Bidentate coordination-induced trap passivation and phase stability in perovskite solar cells via ionic liquid engineering

Abstract

Ionic liquid (IL) engineering has emerged as a promising strategy to improve the performance and stability of perovskite solar cells (PSCs), especially under ambient processing conditions. In this work, we investigate the role of 1-(2-ethoxyethyl)-1-methylpyrrolidinium dicyanamide (Pyr-DCA) as an additive for perovskite precursor solutions and compare its passivation effects with those of the widely used thiocyanate (SCN⁻)-based IL. Density functional theory (DFT) simulations reveal that DCA⁻ exhibits stronger binding affinity to undercoordinated Pb²⁺ ions due to its bidentate nitrogen coordination, effectively passivating deep-level trap states.
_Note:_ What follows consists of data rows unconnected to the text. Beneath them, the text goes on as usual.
lemma flux_eq_0_if_divergence_free:
  assumes div0: "\<And>y. y \<in> S \<Longrightarrow> divergence F y = 0"
    and ball: "ball x R \<subseteq> S" and s: "\<bar>s\<bar> < R" "s \<noteq> 0"
  shows "sphere_avg (\<lambda>\<xi>. \<xi> \<bullet> F (x + s *\<^sub>R \<xi>)) = 0"
proof -
  define U where "U = {-R<..<R}"
  have "\<exists>c. \<forall>t\<in>U. t\<^sup>2 * sphere_avg (\<lambda>\<xi>. \<xi> \<bullet> F (x + t *\<^sub>R \<xi>)) = c"
  proof (rule has_field_derivative_zero_constant)
    fix t assume "t \<in> U"
    then have t: "\<bar>t\<bar> < R" by (simp add: U_def abs_less_iff)
    have "sphere_avg (\<lambda>\<xi>. divergence F (x + t *\<^sub>R \<xi>)) = sphere_avg (\<lambda>\<xi>. 0)"
      by (rule sphere_avg_cong) (simp add: div0 sphere_point_mem[OF ball t])
    with flux_has_derivative[OF ball t]
    show "((\<lambda>t. t\<^sup>2 * sphere_avg (\<lambda>\<xi>. \<xi> \<bullet> F (x + t *\<^sub>R \<xi>))) has_real_derivative 0) (at t within U)"
      by (auto intro: has_field_derivative_at_within)
  qed (simp add: U_def)
  then obtain c where c: "\<And>t. t \<in> U \<Longrightarrow> t\<^sup>2 * sphere_avg (\<lambda>\<xi>. \<xi> \<bullet> F (x + t *\<^sub>R \<xi>)) = c"
    by blast
  have "0 \<in> U" "s \<in> U" using s by (auto simp: U_def abs_less_iff)
  from c[OF this(1)] c[OF this(2)] s(2) show ?thesis by simp
qed

end

lemma C1_field_grad: "open S \<Longrightarrow> C2_on S p \<Longrightarrow> C1_field S (grad p)"
  by unfold_locales
    (simp_all add: C2_on_partial_has_derivative C2_on_continuous_on_grad_partial)

lemma divergence_grad: "divergence (grad p) y = laplacian p y"
  by (simp add: divergence_def laplacian_def)

lemma C1_field_add:
  assumes "C1_field S F" "C1_field S G"
  shows "C1_field S (\<lambda>y. F y + G y)"
proof (rule C1_fieldI[where G="\<lambda>k y. grad (\<lambda>y. F y $ k) y + grad (\<lambda>y. G y $ k) y"])
  fix k y assume "y \<in> S"
  with C1_field.has_derivative_component[OF assms(1)] C1_field.has_derivative_component[OF assms(2)]
  show "((\<lambda>y. (F y + G y) $ k) has_derivative
          (\<lambda>h. (grad (\<lambda>y. F y $ k) y + grad (\<lambda>y. G y $ k) y) \<bullet> h)) (at y)"
    by (auto intro!: has_derivative_add simp: inner_add_left)
next
  fix k
  show "continuous_on S (\<lambda>y. grad (\<lambda>y. F y $ k) y + grad (\<lambda>y. G y $ k) y)"
    using C1_field.continuous_on_grad_component[OF assms(1)] C1_field.continuous_on_grad_component[OF assms(2)]
    by (intro continuous_on_add)
qed

lemma divergence_add:
  assumes "C1_field S F" "C1_field S G" "y \<in> S"
  shows "divergence (\<lambda>y. F y + G y) y = divergence F y + divergence G y"
proof -
  have "((\<lambda>y. (F y + G y) $ k) has_derivative
          (\<lambda>h. (grad (\<lambda>y. F y $ k) y + grad (\<lambda>y. G y $ k) y) \<bullet> h)) (at y)" for k
    using C1_field.has_derivative_component[OF assms(1,3)] C1_field.has_derivative_component[OF assms(2,3)]
    by (auto intro!: has_derivative_add simp: inner_add_left)
  then have "grad (\<lambda>y. (F y + G y) $ k) y = grad (\<lambda>y. F y $ k) y + grad (\<lambda>y. G y $ k) y" for k
    by (rule grad_eq_of_has_derivative)
  then show ?thesis by (simp add: divergence_eq_sum_grad sum.distrib)
qed

section \<open>The pressure identity\<close>

definition energy_flux :: "(real^3 \<Rightarrow> real^3) \<Rightarrow> real^3 \<Rightarrow> real^3 \<Rightarrow> real^3 \<Rightarrow> real^3" where
  "energy_flux u x v y = ((y - x) \<bullet> (u y - v)) *\<^sub>R u y - (v \<bullet> (y - x)) *\<^sub>R (u y - v)"

lemma inner_energy_flux_sphere:
  "\<xi> \<bullet> energy_flux u x v (x + s *\<^sub>R \<xi>) = s * (\<xi> \<bullet> (u (x + s *\<^sub>R \<xi>) - v))\<^sup>2"
proof -
  define a where "a = \<xi> \<bullet> u (x + s *\<^sub>R \<xi>)"
  define b where "b = \<xi> \<bullet> v"
  have "\<xi> \<bullet> energy_flux u x v (x + s *\<^sub>R \<xi>) = (s * (a - b)) * a - (s * b) * (a - b)"
    unfolding a_def b_def energy_flux_def
    by (simp add: inner_diff_right inner_commute[of v \<xi>] right_diff_distrib)
  also have "\<dots> = s * (a - b)\<^sup>2" by (simp add: power2_eq_square algebra_simps)
  finally show ?thesis unfolding a_def b_def by (simp add: inner_diff_right)
qed

definition mean_normal_energy :: "(real^3 \<Rightarrow> real^3) \<Rightarrow> real^3 \<Rightarrow> real^3 \<Rightarrow> real \<Rightarrow> real" where
  "mean_normal_energy u x v s = sphere_avg (\<lambda>\<xi>. (\<xi> \<bullet> (u (x + s *\<^sub>R \<xi>) - v))\<^sup>2)"

definition mean_energy :: "(real^3 \<Rightarrow> real^3) \<Rightarrow> real^3 \<Rightarrow> real^3 \<Rightarrow> real \<Rightarrow> real" where
  "mean_energy u x v s = sphere_avg (\<lambda>\<xi>. (norm (u (x + s *\<^sub>R \<xi>) - v))\<^sup>2)"

definition mean_normal_convection :: "(real^3 \<Rightarrow> real^3) \<Rightarrow> real^3 \<Rightarrow> real \<Rightarrow> real" where
  "mean_normal_convection u x s = sphere_avg (\<lambda>\<xi>. \<xi> \<bullet> convective u (x + s *\<^sub>R \<xi>))"

locale pressure_poisson =
  fixes \<Omega> :: "(real^3) set" and u :: "real^3 \<Rightarrow> real^3" and p :: "real^3 \<Rightarrow> real"
  assumes open_domain: "open \<Omega>"
    and velocity_C2: "\<And>k. C2_on \<Omega> (\<lambda>y. u y $ k)"
    and divergence_free: "\<And>y. y \<in> \<Omega> \<Longrightarrow> divergence u y = 0"
    and pressure_C2: "C2_on \<Omega> p"
    and poisson: "\<And>y. y \<in> \<Omega> \<Longrightarrow> - laplacian p y = divergence (convective u) y"
begin

lemma velocity_has_derivative:
  "y \<in> \<Omega> \<Longrightarrow> ((\<lambda>y. u y $ k) has_derivative (\<lambda>h. grad (\<lambda>y. u y $ k) y \<bullet> h)) (at y)"
  by (rule C2_on_has_derivative[OF open_domain velocity_C2])

lemma continuous_on_velocity: "continuous_on \<Omega> u"
proof -
  have "continuous_on \<Omega> (\<lambda>y. \<chi> k. u y $ k)"
    by (intro continuous_on_vec_lambda allI C2_on_imp_continuous_on velocity_C2)
  then show ?thesis by simp
qed

lemma C1_field_convective: "C1_field \<Omega> (convective u)"
proof -
  define G where "G = (\<lambda>j y. \<Sum>i\<in>UNIV. u y $ i *\<^sub>R grad (partial i (\<lambda>z. u z $ j)) y
    + partial i (\<lambda>z. u z $ j) y *\<^sub>R grad (\<lambda>z. u z $ i) y)"
  show ?thesis
  proof (rule C1_fieldI[where G=G])
    fix j y assume "y \<in> \<Omega>"
    have "((\<lambda>y. \<Sum>i\<in>UNIV. u y $ i * partial i (\<lambda>z. u z $ j) y) has_derivative
        (\<lambda>h. \<Sum>i\<in>UNIV. u y $ i * (grad (partial i (\<lambda>z. u z $ j)) y \<bullet> h)
          + (grad (\<lambda>z. u z $ i) y \<bullet> h) * partial i (\<lambda>z. u z $ j) y)) (at y)"
      by (intro has_derivative_sum has_derivative_mult velocity_has_derivative
          C2_on_partial_has_derivative[OF open_domain velocity_C2] \<open>y \<in> \<Omega>\<close>)
    moreover have "(\<lambda>h. \<Sum>i\<in>UNIV. u y $ i * (grad (partial i (\<lambda>z. u z $ j)) y \<bullet> h)
          + (grad (\<lambda>z. u z $ i) y \<bullet> h) * partial i (\<lambda>z. u z $ j) y) = (\<lambda>h. G j y \<bullet> h)"
      unfolding G_def by (auto simp: inner_sum_left inner_add_left algebra_simps)
    ultimately show "((\<lambda>y. convective u y $ j) has_derivative (\<lambda>h. G j y \<bullet> h)) (at y)"
      by (simp add: convective_def)
  next
    fix j
    have "continuous_on \<Omega> (\<lambda>y. u y $ i)" "continuous_on \<Omega> (grad (partial i (\<lambda>z. u z $ j)))"
      "continuous_on \<Omega> (partial i (\<lambda>z. u z $ j))" "continuous_on \<Omega> (grad (\<lambda>z. u z $ i))" for i
      by (simp_all add: C2_on_imp_continuous_on C2_on_continuous_on_grad_partial
          C2_on_imp_continuous_on_partial C2_on_continuous_on_grad velocity_C2)
    with continuous_on_velocity show "continuous_on \<Omega> (G j)"
      unfolding G_def by (intro continuous_intros)
  qed
qed

lemma C1_field_pressure_force: "C1_field \<Omega> (\<lambda>y. grad p y + convective u y)"
  by (intro C1_field_add C1_field_grad open_domain pressure_C2 C1_field_convective)

lemma divergence_pressure_force:
  assumes "y \<in> \<Omega>"
  shows "divergence (\<lambda>y. grad p y + convective u y) y = 0"
proof -
  have "divergence (\<lambda>y. grad p y + convective u y) y = laplacian p y + divergence (convective u) y"
    using divergence_add[OF C1_field_grad[OF open_domain pressure_C2] C1_field_convective assms]
    by (simp add: divergence_grad)
  with poisson[OF assms] show ?thesis by simp
qed

lemma sphere_avg_normal_grad_pressure:
  assumes ball: "ball x R \<subseteq> \<Omega>" and s: "\<bar>s\<bar> < R" "s \<noteq> 0"
  shows "sphere_avg (\<lambda>\<xi>. \<xi> \<bullet> grad p (x + s *\<^sub>R \<xi>)) = - mean_normal_convection u x s"
proof -
  have inS: "\<And>\<xi>. \<xi> \<in> sphere 0 1 \<Longrightarrow> x + s *\<^sub>R \<xi> \<in> \<Omega>"
    using sphere_point_mem[OF ball s(1)] .
  have "continuous_on (sphere 0 1) (\<lambda>\<xi>. grad p (x + s *\<^sub>R \<xi>))"
    by (rule continuous_on_sphere_shell[OF C2_on_continuous_on_grad[OF pressure_C2] inS])
  moreover have "continuous_on (sphere 0 1) (\<lambda>\<xi>. convective u (x + s *\<^sub>R \<xi>))"
    by (rule continuous_on_sphere_shell[OF C1_field.continuous_on_field[OF C1_field_convective] inS])
  ultimately have "sphere_avg (\<lambda>\<xi>. \<xi> \<bullet> (grad p (x + s *\<^sub>R \<xi>) + convective u (x + s *\<^sub>R \<xi>)))
      = sphere_avg (\<lambda>\<xi>. \<xi> \<bullet> grad p (x + s *\<^sub>R \<xi>)) + mean_normal_convection u x s"
    unfolding mean_normal_convection_def inner_add_right
    by (intro sphere_avg_add) (auto intro!: continuous_intros)
  moreover have "sphere_avg (\<lambda>\<xi>. \<xi> \<bullet> (grad p (x + s *\<^sub>R \<xi>) + convective u (x + s *\<^sub>R \<xi>))) = 0"
    by (rule C1_field.flux_eq_0_if_divergence_free[OF C1_field_pressure_force
          divergence_pressure_force ball s])
  ultimately show ?thesis by simp
qed

lemma has_derivative_displacement_inner_velocity:
  assumes "y \<in> \<Omega>"
  shows "((\<lambda>y. (y - x) \<bullet> (u y - v)) has_derivative
           (\<lambda>h. (u y - v + (\<Sum>k\<in>UNIV. (y - x) $ k *\<^sub>R grad (\<lambda>z. u z $ k) y)) \<bullet> h)) (at y)"
proof -
  have "((\<lambda>y. \<Sum>k\<in>UNIV. (y - x) $ k * (u y $ k - v $ k)) has_derivative
      (\<lambda>h. \<Sum>k\<in>UNIV. (y - x) $ k * (grad (\<lambda>z. u z $ k) y \<bullet> h - 0)
        + (axis k 1 \<bullet> h) * (u y $ k - v $ k))) (at y)"
    by (intro has_derivative_sum has_derivative_mult has_derivative_component_diff has_derivative_diff
        velocity_has_derivative assms has_derivative_const)
  moreover have "(\<lambda>h. \<Sum>k\<in>UNIV. (y - x) $ k * (grad (\<lambda>z. u z $ k) y \<bullet> h - 0)
        + (axis k 1 \<bullet> h) * (u y $ k - v $ k))
      = (\<lambda>h. (u y - v + (\<Sum>k\<in>UNIV. (y - x) $ k *\<^sub>R grad (\<lambda>z. u z $ k) y)) \<bullet> h)"
    by (rule ext) (simp add: inner_add_left inner_sum_left inner_axis' sum_3 inner_3[of "u y"] inner_3[of v]
        algebra_simps)
  moreover have "(\<lambda>y. (y - x) \<bullet> (u y - v)) = (\<lambda>y. \<Sum>k\<in>UNIV. (y - x) $ k * (u y $ k - v $ k))"
    by (simp add: inner_vec_def)
  ultimately show ?thesis by simp
qed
Incorporation of Pyr-DCA into the perovskite film leads to increased grain size, improved crystallinity, and lower trap density, resulting in enhanced charge carrier lifetimes and reduced nonradiative recombination. Devices treated with Pyr-DCA show improved power conversion efficiency (PCE), moisture resistance, and long-term operational stability. In situ GIWAXS measurements performed under 1 Sun illumination and electrical bias confirm that DCA⁻ suppresses the formation of degradation-associated δ-phase and PbI₂, maintaining the structural integrity of the perovskite α-phase. This work highlights the dual chemical and structural stabilization offered by DCA⁻ and demonstrates its promise for enabling scalable and stable PSC fabrication under ambient conditions.